(* Let $\Gamma=(V,E,w)$ be a finite simple weighted digraph with vertex set $V=\{1,\dots,n\}$ and non-negative weights (with $w_{ij}=0$ iff $(i,j)\notin E$), and let $L=D-A$ be its graph Laplacian. Then $\sigma(L)=\{d^{+}(1),\dots,d^{+}(n)\}$ (as multisets) if and only if $\Gamma$ is acyclic.
   Context: $d^{+}(i)=\sum_{j\in V} w_{ij}$ is the out-degree of vertex $i$, $D=\mathrm{diag}(d^{+}(1),\dots,d^{+}(n))$, $A=[w_{ij}]$, and $L=D-A$. $\sigma(L)$ denotes the multiset of eigenvalues of $L$ counted with algebraic multiplicity. A digraph is acyclic if it contains no directed cycle. *)

theory Defs
  imports "Jordan_Normal_Form.Char_Poly" "HOL-Computational_Algebra.Fundamental_Theorem_Algebra"
begin

text \<open>Weighted digraph on vertex set {0..<n} (the paper's {1..n}, shifted by one),
  given by a weight function w; (i,j) is an edge iff w i j \<noteq> 0.\<close>

definition out_degree :: "nat \<Rightarrow> (nat \<Rightarrow> nat \<Rightarrow> real) \<Rightarrow> nat \<Rightarrow> real" where
  "out_degree n w i = (\<Sum>j<n. w i j)"

definition digraph_edges :: "nat \<Rightarrow> (nat \<Rightarrow> nat \<Rightarrow> real) \<Rightarrow> (nat \<times> nat) set" where
  "digraph_edges n w = {(i, j). i < n \<and> j < n \<and> w i j \<noteq> 0}"

definition laplacian :: "nat \<Rightarrow> (nat \<Rightarrow> nat \<Rightarrow> real) \<Rightarrow> real mat" where
  "laplacian n w = mat n n (\<lambda>(i, j). (if i = j then out_degree n w i else 0) - w i j)"

definition spectrum_mset :: "real mat \<Rightarrow> complex multiset" where
  "spectrum_mset A = proots (char_poly (map_mat complex_of_real A))"

end

(* If the off-diagonal support of a square matrix is acyclic, every permutation p other than the
   identity moves some i to p i along a zero entry, for otherwise the orbits of p would be directed
   cycles. Hence only the identity survives in the Leibniz expansion of det (x I - L), and the
   characteristic polynomial is the product of the factors x - L_ii.

   Conversely, let L have non-positive off-diagonal entries (as the Laplacian does) and choose c so
   large that c I - L = D + A with D = diag (c - L_ii) and A the negated off-diagonal part, both
   entrywise nonnegative. Schur triangularisation gives tr (c I - L)^m = sum over the eigenvalues a
   of (c - a)^m, which equals tr D^m if the spectrum of L is its diagonal. But a directed cycle of
   length m makes some diagonal entry of A^m positive, and (D + A)^m >= D^m + A^m entrywise, so
   tr (D + A)^m > tr D^m. *)

theory Submission
  imports Defs "HOL-Combinatorics.Cycles" "Jordan_Normal_Form.Schur_Decomposition"
    "Jordan_Normal_Form.Jordan_Normal_Form_Uniqueness"
begin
○ ○ ○
TASK REQUIREMENTS: Return the listing above exactly, line for line.

TASK SOLUTION:
(* Let $\Gamma=(V,E,w)$ be a finite simple weighted digraph with vertex set $V=\{1,\dots,n\}$ and non-negative weights (with $w_{ij}=0$ iff $(i,j)\notin E$), and let $L=D-A$ be its graph Laplacian. Then $\sigma(L)=\{d^{+}(1),\dots,d^{+}(n)\}$ (as multisets) if and only if $\Gamma$ is acyclic.
   Context: $d^{+}(i)=\sum_{j\in V} w_{ij}$ is the out-degree of vertex $i$, $D=\mathrm{diag}(d^{+}(1),\dots,d^{+}(n))$, $A=[w_{ij}]$, and $L=D-A$. $\sigma(L)$ denotes the multiset of eigenvalues of $L$ counted with algebraic multiplicity. A digraph is acyclic if it contains no directed cycle. *)

theory Defs
  imports "Jordan_Normal_Form.Char_Poly" "HOL-Computational_Algebra.Fundamental_Theorem_Algebra"
begin

text \<open>Weighted digraph on vertex set {0..<n} (the paper's {1..n}, shifted by one),
  given by a weight function w; (i,j) is an edge iff w i j \<noteq> 0.\<close>

definition out_degree :: "nat \<Rightarrow> (nat \<Rightarrow> nat \<Rightarrow> real) \<Rightarrow> nat \<Rightarrow> real" where
  "out_degree n w i = (\<Sum>j<n. w i j)"

definition digraph_edges :: "nat \<Rightarrow> (nat \<Rightarrow> nat \<Rightarrow> real) \<Rightarrow> (nat \<times> nat) set" where
  "digraph_edges n w = {(i, j). i < n \<and> j < n \<and> w i j \<noteq> 0}"

definition laplacian :: "nat \<Rightarrow> (nat \<Rightarrow> nat \<Rightarrow> real) \<Rightarrow> real mat" where
  "laplacian n w = mat n n (\<lambda>(i, j). (if i = j then out_degree n w i else 0) - w i j)"

definition spectrum_mset :: "real mat \<Rightarrow> complex multiset" where
  "spectrum_mset A = proots (char_poly (map_mat complex_of_real A))"

end

(* If the off-diagonal support of a square matrix is acyclic, every permutation p other than the
   identity moves some i to p i along a zero entry, for otherwise the orbits of p would be directed
   cycles. Hence only the identity survives in the Leibniz expansion of det (x I - L), and the
   characteristic polynomial is the product of the factors x - L_ii.

   Conversely, let L have non-positive off-diagonal entries (as the Laplacian does) and choose c so
   large that c I - L = D + A with D = diag (c - L_ii) and A the negated off-diagonal part, both
   entrywise nonnegative. Schur triangularisation gives tr (c I - L)^m = sum over the eigenvalues a
   of (c - a)^m, which equals tr D^m if the spectrum of L is its diagonal. But a directed cycle of
   length m makes some diagonal entry of A^m positive, and (D + A)^m >= D^m + A^m entrywise, so
   tr (D + A)^m > tr D^m. *)

theory Submission
  imports Defs "HOL-Combinatorics.Cycles" "Jordan_Normal_Form.Schur_Decomposition"
    "Jordan_Normal_Form.Jordan_Normal_Form_Uniqueness"
begin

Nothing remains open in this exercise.